Guest Commentary

Can Wichita’s public transportation system be saved?

Editor’s note: This is the first column in a four-part opinion series on Wichita’s transit system.

The crisis facing public transportation in Wichita has been in the news recently, following an impassioned appeal from a frustrated resident at a City Council meeting in June. Wichita’s transit problems are not new, and they are known to city leaders and residents. But the challenges facing our city’s bus system — and the difficulties involved in identifying a reliable source of funding to resolve those challenges — are perhaps inadequately appreciated.

When it comes to using public transit, Wichita lags well behind nearly all similarly sized cities nationwide. According to federal ridership data, Wichita Transit provided about 1.3 million rides in 2017; in the ten regions closest in size to Wichita, buses provided, on average, two to four times as many rides that year.

This is not simply part of a larger regional problem. Even among cities in the Plains, Wichita stands out. This past June, the most recent month with available data, Wichita Transit provided about 93,000 bus rides. By comparison, there were two to three times as many rides provided that month in Des Moines, Omaha, Oklahoma City and Tulsa. Even Topeka, whose system serves a population less than one-third the size of Wichita’s service area, provided more bus rides in June, as it has done most months in recent years.

In other words, compared to cities of similar population and cities within the same geographic region, public transportation in Wichita is underused. Why is that?

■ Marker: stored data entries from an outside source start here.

lemma assoc_dialg_dias_carrier:
  "assoc_dialg dias_scale (dias_carrier X :: ('x,'k::field) dias set) dias_dl dias_dr"
  unfolding assoc_dialg_def
proof (intro conjI ballI dialg_dias_carrier)
  fix x y z :: "('x,'k) dias"
  assume "x \<in> dias_carrier X" "y \<in> dias_carrier X" "z \<in> dias_carrier X"
  note ext = dias_trilinear_ext[OF _ _ _ this]
  note simps = dias_trilinear_def linear_on_def dias_bilinear marked_word_def dias_dl_basis dias_dr_basis
  show "dias_dl (dias_dr x y) z = dias_dl (dias_dl x y) z"
    by (rule ext[of "\<lambda>x y z. dias_dl (dias_dr x y) z"]) (auto simp: simps)
  show "dias_dr x (dias_dl y z) = dias_dr x (dias_dr y z)"
    by (rule ext[of "\<lambda>x y z. dias_dr x (dias_dl y z)"]) (auto simp: simps)
  show "dias_dl (dias_dl x y) z = dias_dl x (dias_dl y z)"
    by (rule ext[of "\<lambda>x y z. dias_dl (dias_dl x y) z"]) (auto simp: simps add.assoc)
  show "dias_dr (dias_dr x y) z = dias_dr x (dias_dr y z)"
    by (rule ext[of "\<lambda>x y z. dias_dr (dias_dr x y) z"]) (auto simp: simps)
  show "dias_dr (dias_dl x y) z = dias_dl x (dias_dr y z)"
    by (rule ext[of "\<lambda>x y z. dias_dr (dias_dl x y) z"]) (auto simp: simps)
qed

section \<open>Evaluation of marked words in an associative dialgebra\<close>

text \<open>For w = a1 ... an, the value at the marked position p is
  a1 |- ... |- ap |- (a(p+1) -| ... -| an), bracketed to the right: every product points towards
  the marked letter. This is the image of the basis element (w, p) under the homomorphism
  from the free associative dialgebra extending s.\<close>

fun word_eval :: "('x \<Rightarrow> 'd) \<Rightarrow> ('d \<Rightarrow> 'd \<Rightarrow> 'd) \<Rightarrow> ('d \<Rightarrow> 'd \<Rightarrow> 'd) \<Rightarrow> 'x list \<times> nat \<Rightarrow> 'd::zero" where
  "word_eval s dl dr ([], p) = 0"
| "word_eval s dl dr ([a], p) = s a"
| "word_eval s dl dr (a # b # w, 0) = dr (s a) (word_eval s dl dr (b # w, 0))"
| "word_eval s dl dr (a # b # w, Suc p) = dl (s a) (word_eval s dl dr (b # w, p))"

locale dialg_eval =
  fixes scD :: "'k::field \<Rightarrow> 'd::ab_group_add \<Rightarrow> 'd" and D :: "'d set"
    and dlD drD :: "'d \<Rightarrow> 'd \<Rightarrow> 'd" and s :: "'x \<Rightarrow> 'd"
  assumes assoc: "assoc_dialg scD D dlD drD" and s_in: "\<And>x. s x \<in> D"
begin

abbreviation E :: "'x list \<times> nat \<Rightarrow> 'd" where
  "E \<equiv> word_eval s dlD drD"

lemma dialg: "dialg scD D dlD drD"
  using assoc by (simp add: assoc_dialg_def)

lemma scD_module: "module scD"
  using dialg by (simp add: dialg_def)

lemma zero_in: "0 \<in> D"
  and add_in: "x \<in> D \<Longrightarrow> y \<in> D \<Longrightarrow> x + y \<in> D"
  and scale_in: "x \<in> D \<Longrightarrow> scD a x \<in> D"
  and dl_in: "x \<in> D \<Longrightarrow> y \<in> D \<Longrightarrow> dlD x y \<in> D"
  and dr_in: "x \<in> D \<Longrightarrow> y \<in> D \<Longrightarrow> drD x y \<in> D"
  using dialg by (simp_all add: dialg_def subspc_def)

lemma assoc_laws:
  assumes "x \<in> D" "y \<in> D" "z \<in> D"
  shows "dlD (drD x y) z = dlD (dlD x y) z" "drD x (dlD y z) = drD x (drD y z)"
    "dlD (dlD x y) z = dlD x (dlD y z)" "drD (drD x y) z = drD x (drD y z)"
    "drD (dlD x y) z = dlD x (drD y z)"
  using assoc assms by (simp_all add: assoc_dialg_def)

lemma word_eval_in: "E m \<in> D"
  by (rule word_eval.induct[of "\<lambda>_ _ _ m. E m \<in> D"]) (auto simp: zero_in s_in dl_in dr_in)

lemma dr_word_eval_unmark: "x \<in> D \<Longrightarrow> drD x (E (v, j)) = drD x (E (v, 0))"
proof (induction v arbitrary: x j)
  case Nil
  then show ?case by simp
next
  case (Cons b v)
  show ?case
  proof (cases "v = [] \<or> j = 0")
    case True
    then show ?thesis by (cases v) auto
  next
    case False
    then obtain c w j' where v: "v = c # w" and j: "j = Suc j'"
      by (cases v; cases j) auto
    have "drD x (E (b # v, j)) = drD x (dlD (s b) (E (v, j')))"
      using v j by simp
    also have "\<dots> = drD (drD x (s b)) (E (v, j'))"
      using assoc_laws[OF Cons.prems s_in word_eval_in] by simp
    also have "\<dots> = drD (drD x (s b)) (E (v, 0))"
      by (rule Cons.IH) (simp add: dr_in Cons.prems s_in)
    also have "\<dots> = drD x (E (b # v, 0))"
      using assoc_laws[OF Cons.prems s_in word_eval_in] v by simp
    finally show ?thesis .
  qed
qed

lemma dl_word_eval_unmark: "x \<in> D \<Longrightarrow> dlD (E (u, i)) x = dlD (E (u, 0)) x"
proof (induction u arbitrary: i)
  case Nil
  then show ?case by simp
next
  case (Cons a u)
  show ?case
  proof (cases "u = [] \<or> i = 0")
    case True
    then show ?thesis by (cases u) auto
  next
    case False
    then obtain b w i' where u: "u = b # w" and i: "i = Suc i'"
      by (cases u; cases i) auto
    have "dlD (E (a # u, i)) x = dlD (s a) (dlD (E (u, i')) x)"
      using u i assoc_laws[OF s_in word_eval_in Cons.prems] by simp
    also have "\<dots> = dlD (s a) (dlD (E (u, 0)) x)"
      using Cons.IH Cons.prems by metis
    also have "\<dots> = dlD (E (a # u, 0)) x"
      using u assoc_laws[OF s_in word_eval_in Cons.prems] by simp
    finally show ?thesis .
  qed
qed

The main culprits are obvious to anyone who lives here. Even accounting for recent changes that augmented service slightly on some lines, the city’s buses still run only once every 45 minutes on most routes. Most buses run only six days a week, shut down on holidays and end service in the early evening, making them unusable for thousands of workers whose job schedules do not fit that limited timeframe.

The routes meander, and for most riders it is impossible to travel across town without transferring at the Transit Center downtown. As a result, it takes well over an hour each way for many riders to cross this relatively small city.

And whereas bus travel in Wichita is excruciatingly slow, the main alternative, driving, is incredibly fast. In its annual congestion rankings, traffic analysis firm INRIX has found that Wichita has essentially the least traffic of any large city. In 2018, Wichita drivers spent just 22 hours, on average, stuck in traffic. That figure put Wichita at number 220 out of 220 cities tracked in the study — and no other city even came close.

Finally, there is cost. A monthly pass for Wichita Transit costs $55, more than a comparable pass in many nearby cities. And Wichita’s is one of just a few systems that no longer allows free or reduced-fare transfers on most routes, despite the fact that, due to the structure of its routes, most passengers require at least one transfer.

So riders get longer, more inconvenient trips at higher cost in Wichita than in nearly all of our peer cities. Meanwhile, driving here is easier than in nearly any big city in the U.S.. Is it any wonder our system struggles to attract riders?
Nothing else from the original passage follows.